I returned to the Fleet filled with pride in the promise of a friendship with the vivacious duchess. What an honor I had been granted in her condescension of an interview! And to hear her praise my poetry—even the degradations of a debtor’s incarceration could not have dampened my spirits.
“Good news!” I exclaimed as I unlocked the door to our meager rooms.
I heard my husband’s voice coming from the direction of our bedchamber. “Blast!” he swore. “Are you back then, Mary?”
“Who else?” I asked gaily, breezing into the room. I halted, mid-step, at the sight before me. For there was my husband, naked as a plucked guinea fowl from the waist down, in the arms of a siren I knew too well.
I knew that Mr. Robinson had not been faithful to me, even whilst we languished in prison; but evidently his affairs were being conducted nearly under my nose. Now it was abundantly apparent that at every opportunity he availed himself of my absences, when I undertook my charwoman’s duties—and even during my visit to the Duchess of Devonshire.
“How dare you!” I said, keeping my voice low, “with our daughter slumbering in the very next room!”
My husband, and his inamorata, an Italian woman named Angelina Albanesi, whose husband was also imprisoned in the Fleet, regarded me with only the mildest interest. They did not even have the compunction to be affronted by my discovering them in flagrante.
I knew of Signora Albanesi’s reputation. She had not chosen, as had I, to reside in the Fleet with her husband, Angelo, an artist, but visited him with regularity. In the course of such conjugal excursions, she made so free to visit other men as well—and one of them was Mr. Robinson! I had been given to understand that Signor Albanesi, who I heard had been an artist of some renown, not only winked at his wife’s conduct, but—and I can think of no other term as appropriate—was her Pandarus. Purportedly he procured women for the other inmates as well.

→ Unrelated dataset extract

(* With notation as in the context (type $E_7$), for every $s\in\{1,3,4,5,6,7\}$: (1) $\Gamma_s^+=\mathcal{L}(z_s)\cap\bigcap_{t\in T,\ s<t\le 7}\mathcal{L}^c(z_t)$; (2) $\Gamma_s^+\oplus z_s=\mathcal{L}(z_7)\cap\bigcap_{t\in T,\ s\le t<7}\mathcal{L}^c(z_t)$, where $T=\{1,3,4,5,6,7\}$ and $\Gamma_s^+\oplus z_s=\{x\oplus z_s: x\in\Gamma_s^+\}$ (empty intersections are omitted).
   Context: Let $F=\{0,1,2,3\}$ be the group $\mathbb{Z}/2\times\mathbb{Z}/2$ with operation $\oplus$ (binary addition without carry) and symplectic form $(a|a')=0$ if $a=0$, $a'=0$ or $a=a'$, and $1$ otherwise. Let $V=F^3$ (elements written $abc$), with coordinatewise $\oplus$ and form $(abc|a'b'c')=(a|a')+(b|b')+(c|c')\in\mathbb{Z}/2$. The T-graph is the graph with vertex set $V$ in which $abc$ and $a'b'c'$ are adjacent iff exactly one of $a=a'$, $b=b'$, $c=c'$ holds. For $v\in V$, $\mathcal{L}(v)$ is the set of vertices adjacent to $v$ in the T-graph, and $\mathcal{L}^c(v)$ is the set of vertices other than $v$ not adjacent to $v$. Let $\Delta$ be the $E_7$ root system with simple roots $\alpha_1,\dots,\alpha_7$, $\langle\alpha_i,\alpha_i\rangle=2$, $\langle\alpha_i,\alpha_j\rangle=-1$ for $\{i,j\}\in\{\{1,3\},\{3,4\},\{4,5\},\{5,6\},\{6,7\},\{2,4\}\}$, $0$ otherwise; $\Lambda=\bigoplus\mathbb{Z}\alpha_i$, $\Delta^+$ the positive roots. Let $f:\Lambda\to V$ be the homomorphism with $f(\alpha_1)=100$, $f(\alpha_2)=030$, $f(\alpha_3)=300$, $f(\alpha_4)=111$, $f(\alpha_5)=003$, $f(\alpha_6)=001$, $f(\alpha_7)=033$. For $\beta=\sum\beta^i\alpha_i\in\Delta^+$ let $m(\beta)=\max\{i:\beta^i\ne0\}$; set $\Delta_1^+=\{\alpha_1\}$, $\Delta_3^+=\{\beta: m(\beta)\in\{2,3\}\}$, $\Delta_s^+=\{\beta: m(\beta)=s\}$ for $s=4,\dots,7$, and $\Gamma_s^+=f(\Delta_s^+)$. For $s\in\{1,3,4,5,6,7\}$ let $s'=\max\{3,s+1\}$, $\zeta_s=\sum_{i=s'}^{7}\alpha_i$ (so $\zeta_7=0$), and $z_s=f(\zeta_s)$. *)

theory Defs
  imports Main
begin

Signora Albanesi disentangled her limbs from my husband’s body and straightened her violet silk petticoat.
“What monsters you are,” I said, my voice aquiver with rage. “To make a mockery of our marriage and a fool of me—I, who have willingly been the partner of Mr. Robinson’s captivity, the devoted slave to his necessities—while he engages in the lowest and most degrading intrigues imaginable.”

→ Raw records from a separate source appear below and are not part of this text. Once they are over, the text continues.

lemma log_ratio_gap_nonneg_critical:
  fixes y :: real
  defines "q \<equiv> pi^2/4 - 2"
  assumes "0 \<le> y" "y \<le> 49/50"
  shows "0 \<le> log_ratio_gap q y"
proof (rule log_ratio_gap_nonneg_below[OF _ assms(2,3)])
  have q: "467/1000 < q" "q < 47/100" using pi_sq_quarter_minus_two_bounds by (auto simp: q_def)
  then show "0 \<le> q" by simp
  show denominator: "0 < 1 - q * (49/50) - q * (49/50)^2" using q by (simp add: power2_eq_square)
  have "((1 + 49/50) / (1 - 49/50::real)) powr q = 99 powr q" by simp
  also have "\<dots> \<le> 99 powr (47/100)" using q by (intro powr_mono) auto
  also have "\<dots> \<le> 10" by (rule powr_99_le_10)
  also have "10 \<le> (1 + q * (49/50) - q * (49/50)^2) / (1 - q * (49/50) - q * (49/50)^2)"
    using q denominator by (simp add: le_divide_eq power2_eq_square algebra_simps)
  finally show "0 \<le> log_ratio_gap q (49/50)"
    using log_ratio_gap_nonneg_iff[of q "49/50"] q denominator by simp
qed simp

lemma add_powr_le_powr_add:
  fixes x y p :: real
  assumes "0 \<le> x" "0 \<le> y" "1 \<le> p"
  shows "x powr p + y powr p \<le> (x + y) powr p"
proof (cases "x + y = 0")
  case True
  then have "x = 0" "y = 0" using assms by linarith+
  then show ?thesis by simp
next
  case False
  have "x powr p = x * x powr (p - 1)" "y powr p = y * y powr (p - 1)"
    using assms by (auto simp: powr_mult_base)
  moreover have "x * x powr (p - 1) \<le> x * (x + y) powr (p - 1)"
    "y * y powr (p - 1) \<le> y * (x + y) powr (p - 1)"
    using assms by (auto intro!: mult_left_mono powr_mono2)
  moreover have "x * (x + y) powr (p - 1) + y * (x + y) powr (p - 1) = (x + y) powr p"
    using assms False by (simp add: powr_mult_base flip: distrib_right)
  ultimately show ?thesis by linarith
qed

lemma two_point_powr_mean_le_exp_of_ge_half:
  fixes p q u :: real
  assumes "1/2 \<le> q" "1 \<le> p" "p - 1 \<le> q" "0 \<le> u" "u < 1"
  shows "((1 + u) powr p + (1 - u) powr p) / 2 \<le> exp (p * q / 2 * u^2)"
  using assms by (intro two_point_powr_mean_le_exp log_ratio_gap_nonneg_of_ge_half ballI impI) auto

text \<open>For \<open>u > 49/50\<close> the crude bound \<open>2^p\<close> of the sum suffices, as
  \<open>ln 2 < (1 + q) (49/50)^2 / 2\<close>.\<close>
lemma two_point_powr_mean_le_exp_critical:
  fixes p u :: real
  defines "q \<equiv> pi^2/4 - 2"
  assumes p: "1 \<le> p" "p - 1 \<le> q" and u: "0 \<le> u" "u < 1"
  shows "((1 + u) powr p + (1 - u) powr p) / 2 \<le> exp (p * q / 2 * u^2)"
proof (cases "u \<le> 49/50")
  case True
  then show ?thesis
    using assms log_ratio_gap_nonneg_critical by (intro two_point_powr_mean_le_exp) auto
next
  case False
  have q: "467/1000 < q" using pi_sq_quarter_minus_two_bounds by (simp add: q_def)
  have "(1 + u) powr p + (1 - u) powr p \<le> ((1 + u) + (1 - u)) powr p"
    using u p by (intro add_powr_le_powr_add) auto
  then have "((1 + u) powr p + (1 - u) powr p) / 2 \<le> 2 powr p / 2" by simp
  also have "2 powr p / 2 = exp ((p - 1) * ln 2)" by (simp add: powr_def exp_diff algebra_simps)
  also have "(p - 1) * ln 2 \<le> (p - 1) * ((1 + q) * u^2 / 2)"
  proof (rule mult_left_mono)
    have "(49/50::real)^2 \<le> u^2" using False by (intro power_mono) auto
    then have "(1467/1000) * (49/50::real)^2 \<le> (1 + q) * u^2" using q by (intro mult_mono) auto
    then show "ln 2 \<le> (1 + q) * u^2 / 2" using ln2_le_25_over_36 by (simp add: power2_eq_square)
  qed (use p in simp)
  also have "\<dots> \<le> p * q / 2 * u^2"
  proof -
    have "(p - 1) * (1 + q) \<le> p * q" using p by (simp add: algebra_simps)
    then have "(p - 1) * (1 + q) * (u^2 / 2) \<le> p * q * (u^2 / 2)" by (rule mult_right_mono) simp
    then show ?thesis by (simp add: algebra_simps)
  qed
  finally show ?thesis by simp
qed

lemma two_point_powr_mean_le_exp_half_odd:
  fixes n :: nat and p u :: real
  assumes p: "1 \<le> p" "p \<le> pi^2 * (real n + 1/2)^2 - 1" and u: "0 \<le> u" "u < 1"
  shows "((1 + u) powr p + (1 - u) powr p) / 2 \<le> exp (p * (pi^2 * (real n + 1/2)^2 / 2 - 1) * u^2)"
proof -
  define q where "q = pi^2 * (real n + 1/2)^2 - 2"
  have rate: "p * q / 2 = p * (pi^2 * (real n + 1/2)^2 / 2 - 1)" by (simp add: q_def field_simps)
  have "((1 + u) powr p + (1 - u) powr p) / 2 \<le> exp (p * q / 2 * u^2)"
  proof (cases "n = 0")
    case True
    then have "q = pi^2/4 - 2" by (simp add: q_def power2_eq_square)
    moreover have "p - 1 \<le> pi^2/4 - 2" using p True by (simp add: power2_eq_square)
    ultimately show ?thesis using two_point_powr_mean_le_exp_critical[of p u] p u by simp
  next
    case False
    have "3 * 3 * (3/2 * (3/2)) \<le> pi * pi * ((real n + 1/2) * (real n + 1/2))"
      using False pi_gt3 by (intro mult_mono) auto
    then have "1/2 \<le> q" by (simp add: q_def power2_eq_square)
    then show ?thesis using p u by (intro two_point_powr_mean_le_exp_of_ge_half) (auto simp: q_def)
  qed
  then show ?thesis by (simp only: rate)
qed

section \<open>The tail of the sinc series\<close>

lemma cos_pi_mult_nonneg:
  fixes s :: real
  assumes "\<bar>s\<bar> \<le> 1/2"
  shows "0 \<le> cos (pi * s)"
proof (rule cos_ge_zero)
  have "pi * (-1/2) \<le> pi * s" "pi * s \<le> pi * (1/2)"
    using assms by (intro mult_left_mono; simp)+
  then show "- (pi / 2) \<le> pi * s" "pi * s \<le> pi / 2" by simp_all
qed

lemma cos_div_le_scaled:
  fixes b s :: real
  assumes b: "1/2 \<le> b" and s: "\<bar>s\<bar> < 1/2"
  shows "cos (pi * s) / (pi * (b + s))
           \<le> (1 - s / b) * exp (- (pi^2 * b^2 / 2 - 1) * (s / b)^2) / (pi * b)"
proof -
  define u where "u = s / b"
  define e where "e = exp (- (pi^2 * b^2 / 2 - 1) * u^2)"
  have "\<bar>s\<bar> < b" using s b by linarith
  then have u: "\<bar>u\<bar> < 1" using b by (simp add: u_def abs_divide)
  have plus: "b + s = b * (1 + u)" using b by (simp add: u_def field_simps)
  have "cos (pi * s) \<le> (1 - u^2) * e"
    using cos_le_scaled_bound[OF b] s by (simp add: u_def e_def)
  then have "cos (pi * s) / (pi * (b + s)) \<le> (1 - u^2) * e / (pi * (b + s))"
    using b s by (intro divide_right_mono) auto
  also have "\<dots> = ((1 - u) * e * (1 + u)) / ((pi * b) * (1 + u))"
    unfolding plus by (simp add: power2_eq_square algebra_simps)
  also have "\<dots> = (1 - u) * e / (pi * b)"
    using u by (intro nonzero_mult_divide_mult_cancel_right) auto
  finally show ?thesis by (simp add: u_def e_def)
qed

lemma cos_pair_powr_le:
  fixes n :: nat and p s :: real
  assumes p: "1 \<le> p" "p \<le> pi^2 * (real n + 1/2)^2 - 1" and s: "\<bar>s\<bar> < 1/2"
  shows "(cos (pi * s) / (pi * (real n + 1/2 + s))) powr p
           + (cos (pi * s) / (pi * (real n + 1/2 - s))) powr p
         \<le> 2 * (1 / (pi * (real n + 1/2))) powr p"
proof -
  define b where "b = real n + 1/2"
  define u where "u = s / b"
  define c where "c = pi^2 * b^2 / 2 - 1"
  define e where "e = exp (- c * u^2)"
  have b: "1/2 \<le> b" by (simp add: b_def)
  have "\<bar>s\<bar> < b" using s b by linarith
  then have u: "\<bar>u\<bar> < 1" using b by (simp add: u_def abs_divide)
  have e: "0 < e" by (simp add: e_def)
  have "cos (pi * s) / (pi * (b + s)) \<le> (1 - u) * (e / (pi * b))"
    using cos_div_le_scaled[OF b s] by (simp add: u_def c_def e_def)
  moreover have "cos (pi * s) / (pi * (b - s)) \<le> (1 + u) * (e / (pi * b))"
    using cos_div_le_scaled[OF b, of "- s"] s by (simp add: u_def c_def e_def)
  moreover have "0 \<le> cos (pi * s)" "0 < b + s" "0 < b - s"
    using s b by (auto intro: cos_pi_mult_nonneg)
  ultimately have "(cos (pi * s) / (pi * (b + s))) powr p + (cos (pi * s) / (pi * (b - s))) powr p
      \<le> ((1 - u) * (e / (pi * b))) powr p + ((1 + u) * (e / (pi * b))) powr p"
    using p by (intro add_mono powr_mono2) auto
  also have "\<dots> = (e / (pi * b)) powr p * ((1 + \<bar>u\<bar>) powr p + (1 - \<bar>u\<bar>) powr p)"
  proof -
    have "0 \<le> 1 - u" "0 \<le> 1 + u" "0 \<le> e / (pi * b)" using u e b by auto
    then have "((1 - u) * (e / (pi * b))) powr p + ((1 + u) * (e / (pi * b))) powr p
        = (e / (pi * b)) powr p * ((1 + u) powr p + (1 - u) powr p)"
      by (simp only: powr_mult) (simp add: algebra_simps)
    moreover have "(1 + u) powr p + (1 - u) powr p = (1 + \<bar>u\<bar>) powr p + (1 - \<bar>u\<bar>) powr p"
      by (cases "0 \<le> u") (simp_all add: add.commute)
    ultimately show ?thesis by (simp only:)
  qed
  also have "\<dots> \<le> (e / (pi * b)) powr p * (2 * exp (p * c * \<bar>u\<bar>^2))"
    using two_point_powr_mean_le_exp_half_odd[OF p, of "\<bar>u\<bar>"] u
    by (intro mult_left_mono) (auto simp: c_def b_def)
  also have "\<dots> = 2 * (1 / (pi * b)) powr p * (e powr p * exp (p * c * u^2))"
    using e b by (simp add: powr_divide algebra_simps)
  also have "e powr p * exp (p * c * u^2) = 1"
    by (simp add: e_def powr_def flip: exp_add)
  finally show ?thesis by (simp add: b_def)
qed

A bitter laugh strangled itself in my throat. “Why ever did you wish to marry me and consign me to hell when you never had any intention of honoring your vows? It is certainly not your first time, or even the fourth where another woman is concerned.” I lowered my eyes, ashamed to cry before the glamorous signora. “It seems I have always been the dupe of your affections.” I picked at the lace threads of my handkerchief so I would have somewhere to look that was not the lovers’ eyes. “Perhaps, Tom, if you loved another with constancy—if one woman had so captured your heart that you could never bear to see it released and therefore had none to give another, regardless of the state of wedlock—this, perhaps, I could understand.”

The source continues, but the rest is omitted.